I remember at one time on one of the donkey websites seeing a booklet you could purchase to learn more about trimming your own donkeys' feet. I have a farrier, but I trim my mini and my Arab mare myself, and would like to do the donkeys' as well. I have never tried this, however a friend of mine swears by just filing off their hooves regularly. So regularly, that they don't NEED actual "trimming."

I think this is a "natural" foot method she learned....anyone else have any knowledge on this?

Angie


----------



## FlatCreekFarm (Aug 25, 2007)

[SIZE=10pt]Angie, I sent for the hoof packet from ADMS (haven't received it yet). Here is the website: [/SIZE]

ADMS website

(Their e-mail is [email protected])

Someone said it was only a couple of bucks, but when I e-mailed them here was their response:

"Yes, it is a lot of information about donkey hooves , and general info on trimming.

If you can please send a postal mailing address, we can send it with the billing slip (it's $10)."

We have a farrier friend, familiar with donkey hooves, and he is also going to guide us through the first time.. thank goodness :aktion033:


----------



## MeadowRidge Farm (Aug 25, 2007)

The angel of a donkeys hoof is differant them a horse, so if you have never done a donkey before I would suggest you watch a farrier who is familiar with donkey hooves a few times before you try to do your own. Once your donkey is trimmed to the right angel, then you can just file as long as you keep the angle right. ADMS does put out a packet on donkey and trimmings, but when I got it I only paid ..around $4.00 but that was awhile ago. If Shawna reads this, I think she has a good site on natural trimming. Corinne


----------



## VerticallyChallenged (Aug 25, 2007)

Thanks,

I've got a call into my farrier to see if he can guide me with this or if I need to find someone else to do it... I didn't know ADMS offered that packet...I just sent a bunch of paperwork into them...I will contact her and see. It seems like the angles of their hooves are more similar to my clubfooted mini than a regular horse. I do his feet...after my farrier walked me through it several times. He comes out for two of my full sized horses, both of them need some corrective trimming, so he's checked my work. I figured after being familiar with working with my mini's angles, this should be easy for me to grasp. I will look into that packet, and talk to my farrier as well. He's not due out here for another month yet, and I was hoping to get more informed before he comes, so I have a better understanding.

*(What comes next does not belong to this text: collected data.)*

lemma mean_eta_tilted_le:
  assumes "\<And>x. \<omega> x \<in> Omega" "\<And>x. stay_mean (\<omega> x) \<le> L" "\<And>x. jump_mean (\<omega> x) \<le> J"
    and "t \<le> 1"
  shows "t ^ y * mean_eta \<omega> n y \<le> (L + J * t) ^ n"
proof (induction n arbitrary: y)
  case 0
  have "t ^ y \<le> 1"
    using \<open>t \<le> 1\<close> by (intro power_le_one) auto
  then show ?case by (simp add: mean_eta_0)
next
  case (Suc n)
  show ?case
  proof (cases y)
    case 0
    have "t ^ y * mean_eta \<omega> (Suc n) y = stay_mean (\<omega> 0) * (t ^ 0 * mean_eta \<omega> n 0)"
      using 0 by (simp add: mean_eta_Suc[OF assms(1)])
    also have "\<dots> \<le> L * (L + J * t) ^ n"
      by (intro mult_mono assms(2) Suc.IH) auto
    also have "\<dots> \<le> (L + J * t) * (L + J * t) ^ n"
      by (intro mult_right_mono) auto
    finally show ?thesis by simp
  next
    case (Suc z)
    have "t ^ y * mean_eta \<omega> (Suc n) y
        = stay_mean (\<omega> y) * (t ^ y * mean_eta \<omega> n y) + jump_mean (\<omega> z) * t * (t ^ z * mean_eta \<omega> n z)"
      using Suc by (simp add: mean_eta_Suc[OF assms(1)] algebra_simps)
    also have "\<dots> \<le> L * (L + J * t) ^ n + J * t * (L + J * t) ^ n"
      by (intro add_mono mult_mono assms(2,3) Suc.IH) auto
    finally show ?thesis by (simp add: algebra_simps)
  qed
qed

lemma tilting_parameters:
  fixes L M \<epsilon> :: real
  assumes "0 \<le> L" "0 \<le> M" "0 < \<epsilon>"
  obtains t \<gamma> where "0 < t" "t \<le> 1" "M * t \<le> \<epsilon> / 2" "0 < \<gamma>"
    "\<And>n y. real y \<le> real n * \<gamma> \<Longrightarrow> (L + \<epsilon> / 2) ^ n \<le> t ^ y * (L + \<epsilon>) ^ n"
proof
  define t where "t = min (1/2) (\<epsilon> / (2 * (M + 1)))"
  define c where "c = (L + \<epsilon>) / (L + \<epsilon> / 2)"
  define \<gamma> where "\<gamma> = ln c / ln (1 / t)"
  show t: "0 < t" "t \<le> 1"
    using assms by (auto simp: t_def)
  have "M * t \<le> (M + 1) * (\<epsilon> / (2 * (M + 1)))"
    using assms t by (intro mult_mono) (auto simp: t_def)
  also have "\<dots> = \<epsilon> / 2"
    using assms by (simp add: field_simps)
  finally show "M * t \<le> \<epsilon> / 2" .
  have c: "1 < c" and ln_t: "0 < ln (1 / t)"
    using assms by (auto simp: c_def t_def field_simps)
  then show "0 < \<gamma>"
    by (simp add: \<gamma>_def)
  have "t powr \<gamma> = 1 / c"
    using t ln_t c by (simp add: powr_def \<gamma>_def ln_div exp_minus inverse_eq_divide)
  fix n y assume y: "real y \<le> real n * \<gamma>"
  have "(1 / c) ^ n = (t powr \<gamma>) ^ n"
    using \<open>t powr \<gamma> = 1 / c\<close> by simp
  also have "\<dots> = t powr (real n * \<gamma>)"
    using t by (simp add: powr_realpow[symmetric] powr_powr mult.commute)
  also have "\<dots> \<le> t ^ y"
    using y t by (simp add: powr_mono' flip: powr_realpow)
  finally have "(L + \<epsilon> / 2) ^ n \<le> (L + \<epsilon> / 2) ^ n * c ^ n * t ^ y"
    using assms c by (simp add: field_simps power_one_over)
  also have "(L + \<epsilon> / 2) ^ n * c ^ n = (L + \<epsilon>) ^ n"
    using assms by (simp add: c_def flip: power_mult_distrib)
  finally show "(L + \<epsilon> / 2) ^ n \<le> t ^ y * (L + \<epsilon>) ^ n"
    by (simp add: mult.commute)
qed

lemma mean_eta_le_exponential:
  fixes L M \<epsilon> :: real
  assumes "0 \<le> L" "0 \<le> M" "0 < \<epsilon>"
  obtains \<gamma> where "0 < \<gamma>"
    "\<And>\<omega> n y. \<forall>x. \<omega> x \<in> Omega \<and> stay_mean (\<omega> x) \<le> ennreal L \<and> jump_mean (\<omega> x) \<le> ennreal M
      \<Longrightarrow> real y \<le> real n * \<gamma> \<Longrightarrow> mean_eta \<omega> n y \<le> (ennreal L + ennreal \<epsilon>) ^ n"
proof -
  obtain t \<gamma> where t: "0 < t" "t \<le> 1" "M * t \<le> \<epsilon> / 2" and "0 < \<gamma>"
    and tilt: "\<And>n y. real y \<le> real n * \<gamma> \<Longrightarrow> (L + \<epsilon> / 2) ^ n \<le> t ^ y * (L + \<epsilon>) ^ n"
    using tilting_parameters[OF assms] by blast
  have "mean_eta \<omega> n y \<le> (ennreal L + ennreal \<epsilon>) ^ n"
    if env: "\<forall>x. \<omega> x \<in> Omega \<and> stay_mean (\<omega> x) \<le> ennreal L \<and> jump_mean (\<omega> x) \<le> ennreal M"
      and y: "real y \<le> real n * \<gamma>" for \<omega> n y
  proof -
    have "ennreal t ^ y * mean_eta \<omega> n y \<le> (ennreal L + ennreal M * ennreal t) ^ n"
      using env t by (intro mean_eta_tilted_le) auto
    also have "ennreal L + ennreal M * ennreal t = ennreal (L + M * t)"
      using assms t by (simp add: ennreal_plus ennreal_mult)
    also have "\<dots> ^ n = ennreal ((L + M * t) ^ n)"
      using assms t by (intro ennreal_power) simp
    also have "\<dots> \<le> ennreal ((L + \<epsilon> / 2) ^ n)"
      using assms t by (intro ennreal_leI power_mono) auto
    also have "\<dots> \<le> ennreal (t ^ y * (L + \<epsilon>) ^ n)"
      using tilt[OF y] by (rule ennreal_leI)
    also have "\<dots> = ennreal t ^ y * (ennreal L + ennreal \<epsilon>) ^ n"
      using assms t by (simp add: ennreal_mult flip: ennreal_power)
    finally show ?thesis
      using t(1) by (simp add: ennreal_mult_le_mult_iff power_eq_top_ennreal)
  qed
  with \<open>0 < \<gamma>\<close> that show ?thesis by blast
qed
lemma second_difference_mean_value:
  fixes f :: "'b::real_normed_vector \<Rightarrow> real"
  assumes fd: "\<And>y. y \<in> V \<Longrightarrow> (f has_derivative f' y) (at y)"
    and t: "0 < t"
    and inV: "\<And>s w. 0 \<le> s \<Longrightarrow> s \<le> t \<Longrightarrow> 0 \<le> w \<Longrightarrow> w \<le> t \<Longrightarrow> x + s *\<^sub>R u + w *\<^sub>R v \<in> V"
  obtains s where "0 < s" "s < t"
    "f (x + t *\<^sub>R u + t *\<^sub>R v) - f (x + t *\<^sub>R u) - f (x + t *\<^sub>R v) + f x
       = t * (f' (x + s *\<^sub>R u + t *\<^sub>R v) u - f' (x + s *\<^sub>R u) u)"
proof -
  define g where "g s = f (x + s *\<^sub>R u + t *\<^sub>R v) - f (x + s *\<^sub>R u)" for s
  define g' where "g' s h = h * (f' (x + s *\<^sub>R u + t *\<^sub>R v) u - f' (x + s *\<^sub>R u) u)" for s h :: real
  have "(g has_derivative g' s) (at s within {0..t})" if s: "0 \<le> s" "s \<le> t" for s
  proof -
    have V1: "x + s *\<^sub>R u + t *\<^sub>R v \<in> V" and V0: "x + s *\<^sub>R u \<in> V"
      using inV[OF s, of t] inV[OF s, of 0] t by simp_all
    have "((\<lambda>s. f (x + s *\<^sub>R u + t *\<^sub>R v) - f (x + s *\<^sub>R u)) has_derivative
        (\<lambda>h. f' (x + s *\<^sub>R u + t *\<^sub>R v) (h *\<^sub>R u) - f' (x + s *\<^sub>R u) (h *\<^sub>R u))) (at s within {0..t})"
      by (intro has_derivative_diff has_derivative_compose[OF _ fd] V0 V1 derivative_eq_intros) auto
    moreover have "linear (f' (x + s *\<^sub>R u + t *\<^sub>R v))" "linear (f' (x + s *\<^sub>R u))"
      using fd[OF V1] fd[OF V0] has_derivative_linear by auto
    ultimately show ?thesis
      unfolding g_def g'_def by (simp add: linear_scale algebra_simps)
  qed
  then obtain s where "s \<in> {0<..<t}" "g t - g 0 = g' s (t - 0)"
    using mvt_simple[of 0 t g g'] t by auto
  then show ?thesis
    by (intro that[of s]) (auto simp: g_def g'_def)
qed

lemma second_difference_bound:
  fixes f :: "'b::real_normed_vector \<Rightarrow> real"
  assumes fd: "\<And>y. y \<in> V \<Longrightarrow> (f has_derivative f' y) (at y)"
    and t: "0 < t"
    and inV: "\<And>s w. 0 \<le> s \<Longrightarrow> s \<le> t \<Longrightarrow> 0 \<le> w \<Longrightarrow> w \<le> t \<Longrightarrow> x + s *\<^sub>R u + w *\<^sub>R v \<in> V"
    and Su: "linear Su"
    and approx: "\<And>s w. 0 \<le> s \<Longrightarrow> s \<le> t \<Longrightarrow> 0 \<le> w \<Longrightarrow> w \<le> t \<Longrightarrow>
      \<bar>f' (x + s *\<^sub>R u + w *\<^sub>R v) u - f' x u - Su (s *\<^sub>R u + w *\<^sub>R v)\<bar> \<le> \<epsilon>"
  shows "\<bar>f (x + t *\<^sub>R u + t *\<^sub>R v) - f (x + t *\<^sub>R u) - f (x + t *\<^sub>R v) + f x - t\<^sup>2 * Su v\<bar> \<le> t * (2 * \<epsilon>)"
proof -
  obtain s where s: "0 < s" "s < t" and mv:
    "f (x + t *\<^sub>R u + t *\<^sub>R v) - f (x + t *\<^sub>R u) - f (x + t *\<^sub>R v) + f x
       = t * (f' (x + s *\<^sub>R u + t *\<^sub>R v) u - f' (x + s *\<^sub>R u) u)"
    using second_difference_mean_value[OF fd t inV] by blast
  define A where "A = f' (x + s *\<^sub>R u + t *\<^sub>R v) u - f' x u - Su (s *\<^sub>R u + t *\<^sub>R v)"
  define B where "B = f' (x + s *\<^sub>R u + 0 *\<^sub>R v) u - f' x u - Su (s *\<^sub>R u + 0 *\<^sub>R v)"
  have "Su (s *\<^sub>R u + t *\<^sub>R v) - Su (s *\<^sub>R u) = t * Su v"
    using Su by (simp add: linear_add linear_scale)
  then have "f' (x + s *\<^sub>R u + t *\<^sub>R v) u - f' (x + s *\<^sub>R u) u - t * Su v = A - B"
    unfolding A_def B_def by simp
  moreover have "\<bar>A\<bar> \<le> \<epsilon>" "\<bar>B\<bar> \<le> \<epsilon>"
    unfolding A_def B_def using approx[of s t] approx[of s 0] s t by simp_all
  ultimately have "\<bar>f' (x + s *\<^sub>R u + t *\<^sub>R v) u - f' (x + s *\<^sub>R u) u - t * Su v\<bar> \<le> 2 * \<epsilon>"
    using abs_triangle_ineq4[of A B] by linarith
  moreover have "f (x + t *\<^sub>R u + t *\<^sub>R v) - f (x + t *\<^sub>R u) - f (x + t *\<^sub>R v) + f x - t\<^sup>2 * Su v
      = t * (f' (x + s *\<^sub>R u + t *\<^sub>R v) u - f' (x + s *\<^sub>R u) u - t * Su v)"
    unfolding mv by (simp add: power2_eq_square algebra_simps)
  ultimately show ?thesis
    using t by (simp add: abs_mult mult_left_mono)
qed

I was just curious with what my friend said...she files all of her critters (foals, to donkeys, to drafts) very regularly (like weekly) instead of having them trimmed every 8 weeks or so. Seems like if you have the angles as they should be, and keep on it, that it makes sense....

Angie


----------



## JumpinJackFarm (Aug 26, 2007)

Angie...this is the BEST site





:

TrimmingDonksHooves

It is a slide show and it VERY informative.

Shawna shared this site with us awhile back.


----------